This “blurriness" of the event frame can adversely affect the performance of algorithms built on them. To alleviate this problem, we need to deblur the event images. This is fairly easy if we directly use the spatio-temporal event cloud and follow the approach described in [21]. Essentially the problem deals with finding point trajectories along the spatio-temporal point cloud to maximize a heuristically chosen contrast function. Mathematically, we want to solve the following problem: $\operatorname*{argmax}_{\theta}\,\,\mathcal{C}\left(\mathcal{W}\left(\mathpzc{E},\theta\right)\right)$ . Here $\mathcal{C}$ is a heuristic contrast function and $\theta$ are the parameters of point trajectories in the spatio-temporal point cloud according to which the events are warped and $\mathcal{W}\left(\mathpzc{E},\theta\right)$ represents the event image formed by the warped events. In our scenario, we want to model the deblurring problem in 2D, i.e., working on $\mathpzc{E}$ directly without the use of a spatio-temporal point cloud so that the problem can be solved efficiently using a 2D Convolutional Neural Network (CNN). Such a deblurring problem using a single image has been studied extensively for traditional cameras for rectifying motion blurred photos. Our modified problem in 2D can be formulated as: $\operatorname*{argmax}_{\mathcal{K}}\,\,\mathcal{C}\left(\mathcal{K}\circledast\mathpzc{E}\right)$ . Here $\mathcal{K}$ is the heterogeneous deblur kernel and $\circledast$ is the convolution operator. However, estimating $\mathcal{K}$ directly is not constrained enough to be learned in an unsupervised manner. Instead, we formulate the deblurring problem inspired by Total Variation (TV) denoising to give us the final optimization problem as follows: $\operatorname*{argmax}_{\mathpzc{\overline{E}}}\,\,\mathcal{C}\left(\mathpzc{\overline{E}}\right)+\lambda\operatorname*{argmin}_{\mathpzc{\overline{E}}}\mathcal{D}\left(\mathpzc{E},\mathpzc{\overline{E}}\right)$ . Here $\mathpzc{\overline{E}}$ represents the deblurred event frame, $\lambda$ is a regularization penalty and $\mathcal{D}$ represents a distance function to measure similarity between two event frames. Note that directly solving $\operatorname*{argmax}_{\mathpzc{\overline{E}}}\,\,\mathcal{C}\left(\mathpzc{\overline{E}}\right)$ yields trivial solutions of high frequency noise.
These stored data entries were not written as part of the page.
(* Let $n\ge3$ and let $A$ be a set of vertices of $C_n$ with $2\le|A|\le n$. Then the output of $\textsc{Ascending Local Search}(C_n,W,A)$ is a maximizer of $W$ on $C_n$.
   Context: $C_n$ has vertex set $\{0,\dots,n-1\}$ with $i$ adjacent to $i+1\bmod n$. $W(X)=\sum_{\{u,v\}\subseteq X,u\ne v}d(u,v)$ over unordered pairs, $d$ shortest-path distance; $X$ is a maximizer of $W$ if $W(X)=\max\{W(B):|B|=|X|\}$. A perturbation of $X$ in a graph $G$ is $(X\setminus\{u\})\cup\{v\}$ with $u\in X$, $v\in V(G)\setminus X$, $uv\in E(G)$. $\textsc{Ascending Local Search}(G,F,A)$: set $X=A$; list all perturbations of $X$ as $L(0),L(1),\dots$; if $F(L(i))>F(X)$ for some $i$, replace $X$ by $L(j)$ for the least such $j$ and repeat; otherwise return $X$. *)

theory Defs
  imports Main
begin

text \<open>A graph is given by a vertex set V and a symmetric adjacency relation E.\<close>

inductive walk_len :: "('a \<Rightarrow> 'a \<Rightarrow> bool) \<Rightarrow> nat \<Rightarrow> 'a \<Rightarrow> 'a \<Rightarrow> bool"
  for E where
  wl0: "walk_len E 0 u u"
| wlS: "E u w \<Longrightarrow> walk_len E k w v \<Longrightarrow> walk_len E (Suc k) u v"

definition gdist :: "('a \<Rightarrow> 'a \<Rightarrow> bool) \<Rightarrow> 'a \<Rightarrow> 'a \<Rightarrow> nat" where
  "gdist E u v = (LEAST k. walk_len E k u v)"

definition cycle_V :: "nat \<Rightarrow> nat set" where
  "cycle_V n = {0..<n}"

definition cycle_E :: "nat \<Rightarrow> nat \<Rightarrow> nat \<Rightarrow> bool" where
  "cycle_E n u v \<longleftrightarrow> u < n \<and> v < n \<and> (v = (u + 1) mod n \<or> u = (v + 1) mod n)"

text \<open>W(X): sum of distances over unordered pairs of distinct vertices of X
  (vertices are naturals, so unordered pairs are indexed by u < v).\<close>
definition Wsum :: "(nat \<Rightarrow> nat \<Rightarrow> bool) \<Rightarrow> nat set \<Rightarrow> nat" where
  "Wsum E X = (\<Sum>(u, v) \<in> {(u, v). u \<in> X \<and> v \<in> X \<and> u < v}. gdist E u v)"

definition is_maximizer :: "'a set \<Rightarrow> ('a set \<Rightarrow> 'b::linorder) \<Rightarrow> 'a set \<Rightarrow> bool" where
  "is_maximizer V F X \<longleftrightarrow> X \<subseteq> V \<and>
     (\<forall>B. B \<subseteq> V \<and> card B = card X \<longrightarrow> F B \<le> F X)"

definition perturbations :: "'a set \<Rightarrow> ('a \<Rightarrow> 'a \<Rightarrow> bool) \<Rightarrow> 'a set \<Rightarrow> 'a set set" where
  "perturbations V E X =
     {(X - {u}) \<union> {v} | u v. u \<in> X \<and> v \<in> V - X \<and> E u v}"

text \<open>als V E F A Y: some run of Ascending Local Search(G, F, A) returns Y.
  At each step the perturbations of the current X are listed in an arbitrary
  order L (a duplicate-free enumeration); if some L(i) improves F, X is
  replaced by L(j) for the least such j.\<close>
inductive als :: "'a set \<Rightarrow> ('a \<Rightarrow> 'a \<Rightarrow> bool) \<Rightarrow> ('a set \<Rightarrow> 'b::linorder) \<Rightarrow> 'a set \<Rightarrow> 'a set \<Rightarrow> bool"
  for V E F where
  als_stop: "\<not> (\<exists>Y \<in> perturbations V E X. F Y > F X) \<Longrightarrow> als V E F X X"
| als_step: "distinct L \<Longrightarrow> set L = perturbations V E X \<Longrightarrow>
     (\<exists>i < length L. F (L ! i) > F X) \<Longrightarrow>
     j = (LEAST i. i < length L \<and> F (L ! i) > F X) \<Longrightarrow>
     als V E F (L ! j) Z \<Longrightarrow> als V E F X Z"

end

theory Submission
  imports Defs
begin

text \<open>For every j the two antipodal edges after j and after j + n div 2 cut the cycle into two
  arcs of n div 2 vertices each (plus one vertex on neither side when n is odd), and
  2 d(u, v) equals the number of these n cuts separating u from v plus n mod 2. If a, b count the
  points of X on the two sides of a cut, then summing 4ab = (a + b)^2 - (a - b)^2 over all cuts
  expresses 8 W(X) as a bound depending only on |X| minus a sum of non-negative terms, which
  vanish exactly when every imbalance a - b lies in {-1, 0, 1}.

  Moving a point of X to a free neighbour changes W by minus or plus the imbalance of the adjacent
  cut, minus 1. So if no such move improves W, the imbalance (a periodic function with zero sum
  whose increments are governed by the occupancy of X) can have no extremum of absolute value at
  least 2: such an extremum would propagate around the whole cycle. Hence every local maximum
  attains the bound, and Ascending Local Search, which terminates because W strictly increases,
  stops at a local maximum.\<close>

abbreviation ordered_pairs :: "'a::linorder set \<Rightarrow> ('a \<times> 'a) set" where
  "ordered_pairs X \<equiv> {(u, v). u \<in> X \<and> v \<in> X \<and> u < v}"

lemma sum_ordered_pairs_double:
  fixes g :: "'b::linorder \<Rightarrow> 'b \<Rightarrow> 'a::comm_ring_1"
  assumes fin: "finite X" and sym: "\<And>u v. g u v = g v u"
  shows "2 * (\<Sum>(u,v)\<in>ordered_pairs X. g u v)
         = (\<Sum>u\<in>X. \<Sum>v\<in>X. g u v) - (\<Sum>u\<in>X. g u u)"
proof -
  define P where "P = ordered_pairs X"
  have fin_XX: "finite (X \<times> X)" using fin by simp
  have split: "X \<times> X = P \<union> prod.swap ` P \<union> (\<lambda>u. (u, u)) ` X"
    unfolding P_def by (auto simp: image_iff)
  have "(\<Sum>u\<in>X. \<Sum>v\<in>X. g u v) = (\<Sum>p\<in>X \<times> X. case_prod g p)"
    by (rule sum.cartesian_product)
  also have "\<dots> = (\<Sum>p\<in>P. case_prod g p) + (\<Sum>p\<in>prod.swap ` P. case_prod g p)
                  + (\<Sum>p\<in>(\<lambda>u. (u, u)) ` X. case_prod g p)"
    unfolding split using fin_XX split
    by (subst sum.union_disjoint, force, force, force simp: P_def)+ (rule refl)
  also have "(\<Sum>p\<in>prod.swap ` P. case_prod g p) = (\<Sum>p\<in>P. case_prod g p)"
    by (simp add: sum.reindex case_prod_beta sym)
  also have "(\<Sum>p\<in>(\<lambda>u. (u, u)) ` X. case_prod g p) = (\<Sum>u\<in>X. g u u)"
    by (simp add: sum.reindex inj_on_def)
  finally show ?thesis unfolding P_def by simp
qed

lemma card_ordered_pairs_double:
  assumes "finite (X :: 'a::linorder set)"
  shows "2 * int (card (ordered_pairs X)) = int (card X) * int (card X) - int (card X)"
  using sum_ordered_pairs_double[OF assms, of "\<lambda>_ _. 1 :: int"] by simp

section \<open>The distance on the cycle\<close>

locale cycle_graph =
  fixes n :: nat
  assumes n_ge_3: "3 \<le> n"
begin

abbreviation "N \<equiv> int n"
abbreviation "half \<equiv> int n div 2"
abbreviation "half' \<equiv> int n - int n div 2"
abbreviation "n_mod_2 \<equiv> int n mod 2"

lemma half_bounds: "1 \<le> half" "2 * half \<le> N" "N \<le> 2 * half + 1" "3 \<le> N"
  using n_ge_3 by auto

lemma n_mod_2_eq: "n_mod_2 = N - 2 * half"
  by (rule minus_mult_div_eq_mod[symmetric])

lemma n_mod_2_cases: "n_mod_2 = 0 \<or> n_mod_2 = 1"
  by auto

definition circ_dist :: "nat \<Rightarrow> nat \<Rightarrow> int" where
  "circ_dist u v = min ((int v - int u) mod N) (N - (int v - int u) mod N)"

abbreviation "E \<equiv> cycle_E n"

lemma walk_forward: "u < n \<Longrightarrow> walk_len E k u ((u + k) mod n)"
proof (induction k arbitrary: u)
  case 0
  then show ?case by (simp add: wl0)
next
  case (Suc k)
  have "E u ((u + 1) mod n)" using Suc.prems n_ge_3 by (simp add: cycle_E_def)
  moreover have "walk_len E k ((u + 1) mod n) ((u + Suc k) mod n)"
    using Suc.IH[of "(u + 1) mod n"] n_ge_3 by (simp add: mod_add_left_eq)
  ultimately show ?case by (rule wlS)
qed

lemma walk_backward: "v < n \<Longrightarrow> walk_len E k ((v + k) mod n) v"
proof (induction k)
  case 0
  then show ?case by (simp add: wl0)
next
  case (Suc k)
  have "((v + k) mod n + 1) mod n = (v + Suc k) mod n"
    using mod_add_left_eq[of "v + k" n 1] by simp
  then have "E ((v + Suc k) mod n) ((v + k) mod n)" using Suc.prems n_ge_3
    unfolding cycle_E_def by auto
  then show ?case using Suc by (blast intro: wlS)
qed

lemma walk_len_in_range: "walk_len E k u v \<Longrightarrow> u < n \<Longrightarrow> v < n"
  by (induction rule: walk_len.induct) (auto simp: cycle_E_def)

lemma circ_dist_nonneg: "0 \<le> circ_dist u v"
proof -
  have "0 \<le> (int v - int u) mod N" "(int v - int u) mod N < N" using n_ge_3 by auto
  then show ?thesis unfolding circ_dist_def by simp
qed

lemma circ_dist_sym: "circ_dist u v = circ_dist v u"
proof -
  define d where "d = (int v - int u) mod N"
  have d: "0 \<le> d" "d < N" unfolding d_def using n_ge_3 by auto
  have "(int u - int v) mod N = (- (int v - int u)) mod N" by simp
  also have "\<dots> = (if d = 0 then 0 else N - d)" unfolding d_def by (rule zmod_zminus1_eq_if)
  finally show ?thesis using d unfolding circ_dist_def d_def[symmetric] by (auto simp: min_def)
qed

lemma circ_dist_self: "circ_dist u u = 0"
  by (simp add: circ_dist_def)

lemma circ_dist_neighbour:
  assumes "u < n" "w < n" "v < n" "w = (u + 1) mod n \<or> u = (w + 1) mod n"
  shows "circ_dist u v \<le> circ_dist w v + 1"
proof -
  define p where "p = (int v - int w) mod N"
  define q where "q = (int v - int u) mod N"
  have p: "0 \<le> p" "p < N" and q: "0 \<le> q" "q < N" unfolding p_def q_def using n_ge_3 by auto
  have "int w = (int u + 1) mod N \<or> int u = (int w + 1) mod N"
    using assms(4) by (metis of_nat_1 of_nat_add zmod_int)
  then have "q = (p + 1) mod N \<or> p = (q + 1) mod N"
  proof
    assume "int w = (int u + 1) mod N"
    then have "p = (int v - (int u + 1)) mod N" unfolding p_def by (simp add: mod_diff_right_eq)
    then have "(p + 1) mod N = q" unfolding q_def by (simp add: mod_add_left_eq)
    then show ?thesis by simp
  next
    assume "int u = (int w + 1) mod N"
    then have "q = (int v - (int w + 1)) mod N" unfolding q_def by (simp add: mod_diff_right_eq)
    then have "(q + 1) mod N = p" unfolding p_def by (simp add: mod_add_left_eq)
    then show ?thesis by simp
  qed
  moreover have "(p + 1) mod N = (if p + 1 = N then 0 else p + 1)"
    "(q + 1) mod N = (if q + 1 = N then 0 else q + 1)" using p q by auto
  ultimately show ?thesis unfolding circ_dist_def p_def[symmetric] q_def[symmetric]
    using p q by (auto split: if_splits)
qed

lemma circ_dist_le_walk_len: "walk_len E k u v \<Longrightarrow> u < n \<Longrightarrow> circ_dist u v \<le> int k"
proof (induction rule: walk_len.induct)
  case (wl0 u)
  then show ?case by (simp add: circ_dist_def)
next
  case (wlS u w k v)
  have "w < n" using wlS.hyps(1) by (simp add: cycle_E_def)
  moreover have "v < n" using walk_len_in_range[OF wlS.hyps(2) \<open>w < n\<close>] .
  ultimately have "circ_dist u v \<le> circ_dist w v + 1"
    using circ_dist_neighbour wlS by (auto simp: cycle_E_def)
  then show ?case using wlS \<open>w < n\<close> by simp
qed

lemma walk_of_circ_dist:
  assumes "u < n" "v < n"
  shows "walk_len E (nat (circ_dist u v)) u v"
proof -
  define d where "d = (int v - int u) mod N"
  have d: "0 \<le> d" "d < N" unfolding d_def using n_ge_3 by auto
  have "int ((u + nat d) mod n) = int v"
    using d assms unfolding d_def by (simp add: zmod_int mod_add_right_eq)
  then have fwd: "walk_len E (nat d) u v"
    using walk_forward[OF assms(1), of "nat d"] by simp
  have "int ((v + nat (N - d)) mod n) = int u"
  proof -
    have "int ((v + nat (N - d)) mod n) = (int v + (N - d)) mod N"
      using d by (simp add: zmod_int)
    also have "\<dots> = ((int v - d) + N) mod N" by (simp add: algebra_simps)
    also have "\<dots> = (int v - d) mod N" by (rule mod_add_self2)
    also have "\<dots> = (int v - (int v - int u)) mod N"
      unfolding d_def by (simp add: mod_diff_right_eq)
    finally show ?thesis using assms by simp
  qed
  then have bwd: "walk_len E (nat (N - d)) u v"
    using walk_backward[OF assms(2), of "nat (N - d)"] by simp
  show ?thesis
    using fwd bwd d unfolding circ_dist_def d_def[symmetric] by (simp add: min_def)
qed

lemma gdist_eq_circ_dist:
  assumes "u < n" "v < n"
  shows "int (gdist E u v) = circ_dist u v"
proof -
  have "gdist E u v = nat (circ_dist u v)" unfolding gdist_def
    by (rule Least_equality) (use walk_of_circ_dist[OF assms] circ_dist_le_walk_len assms in force)+
  then show ?thesis using circ_dist_nonneg by simp
qed

section \<open>Cuts of the cycle\<close>

lemma sum_periodic_shift_1:
  fixes f :: "int \<Rightarrow> int"
  assumes per: "\<And>x. f (x + N) = f x"
  shows "(\<Sum>i<n. f (c + 1 + int i)) = (\<Sum>i<n. f (c + int i))"
proof -
  have "(\<Sum>i<n. f (c + int i)) + f (c + N) = f c + (\<Sum>i<n. f (c + int (Suc i)))"
    using sum.lessThan_Suc[of "\<lambda>i. f (c + int i)" n]
      sum.lessThan_Suc_shift[of "\<lambda>i. f (c + int i)" n]
    by simp
  moreover have "(\<Sum>i<n. f (c + int (Suc i))) = (\<Sum>i<n. f (c + 1 + int i))"
    by (simp add: add.assoc)
  ultimately show ?thesis using per[of c] by simp
qed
To learn the function using a neural network we convert the $\operatorname*{argmax}$ operator into an $\operatorname*{argmin}$ operator as follows:

[TABLE]

Refer to Suppl. Sec. III for a detailed mathematical description of all the loss functions. Intuitively, the higher the value of the contrast, the lower the value of the loss function, but going away too far from the input will penalize the loss function striking a balance between high contrast and similarity to the input image. We call our CNN which generates the deblurred event images EVDeBlurNet. It takes as input $\mathpzc{E}$ and outputs deblurred $\mathpzc{\overline{E}}$ . The network architecture is a simple encoder-decoder with four convolutional and four deconvolutional layers with batch normalization (Suppl. Sec. S.V). Another benefit of the encoder decoder’s lossy reconstruction is that it removes stray events (which are generally noise) and retains events corresponding to contours, thereby greatly increasing the signal to noise ratio.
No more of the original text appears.